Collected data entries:

....

(* Let $\mathcal{H}_1,\mathcal{H}_2$ be separable Hilbert spaces with orthonormal bases $\{e_{1,n}\}_{n>0}$, $\{e_{2,n}\}_{n>0}$. For $j\in\{1,2\}$, let $\{f_{j,1,n}\}_{n>0},\dots,\{f_{j,r,n}\}_{n>0}$ be linearly independent sequences in $\mathcal{H}_j$, and let $\mathcal{F}=\{f_{m,n}\}_{m,n>0}$ with $f_{m,n}=\sum_{k=1}^r f_{1,k,m}\otimes f_{2,k,n}$ in $\mathcal{H}_1\otimes\mathcal{H}_2$. Let $F_{j,k}$ be the operator associated to $\{e_{j,n}\}$ and $\{f_{j,k,n}\}$. (i) $\mathcal{F}$ is a Bessel sequence in $\mathcal{H}_1\otimes\mathcal{H}_2$ if and only if $\{f_{j,k,n}\}_{n>0}$ is a Bessel sequence in $\mathcal{H}_j$ for each $(j,k)\in\{1,2\}\times\{1,\dots,r\}$. (ii) If $\mathcal{F}$ is a frame, then (each $F_{j,k}$ is bounded and) there exist operators $L_{j,k}\in\mathcal{B}(\mathcal{H}_j)$ with $\sum_{k=1}^r L_{j,k}F_{j,k}=I_{\mathcal{H}_j}$ for each $j\in\{1,2\}$; moreover, for each $j=1,2$ the concatenated sequence $\{f_{j,k,m}\}_{1\le k\le r,\,m>0}$ is a frame in $\mathcal{H}_j$. (iii) If $\mathcal{F}$ is a Riesz basis of $\mathcal{H}_1\otimes\mathcal{H}_2$, then in addition to the conclusion of (ii) there exist operators $R_{j,k}\in\mathcal{B}(\mathcal{H}_j)$ with $\sum_{k=1}^r F_{j,k}R_{j,k}=I_{\mathcal{H}_j}$ for each $j\in\{1,2\}$.
   Context: Given an orthonormal basis $\{e_n\}$ of $\mathcal{H}$ and a sequence $\{f_n\}$ in $\mathcal{H}$, the associated operator is $F(f)=\sum_n\langle f,f_n\rangle e_n$ on its domain $\{f: \sum_n|\langle f,f_n\rangle|^2<\infty\}$; it is bounded exactly when $\{f_n\}$ is a Bessel sequence. Bessel sequence: $\sum_n|\langle f,f_n\rangle|^2\le B\|f\|^2$ for all $f$; frame: additionally $A\|f\|^2\le\sum_n|\langle f,f_n\rangle|^2$ with $A>0$; Riesz basis: a frame which is the image of an orthonormal basis under a bounded invertible operator. Linear independence of sequences is meant in the vector space of sequences in $\mathcal{H}_j$. *)

theory Defs
  imports "HOL-Analysis.Analysis"
begin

....

EXERCISE REQUIREMENTS: The line containing "theory Defs" and every line after it, through the end of the records, should be repeated exactly and alone.

ANSWER FOR THIS EXERCISE:
theory Defs
  imports "HOL-Analysis.Analysis"
begin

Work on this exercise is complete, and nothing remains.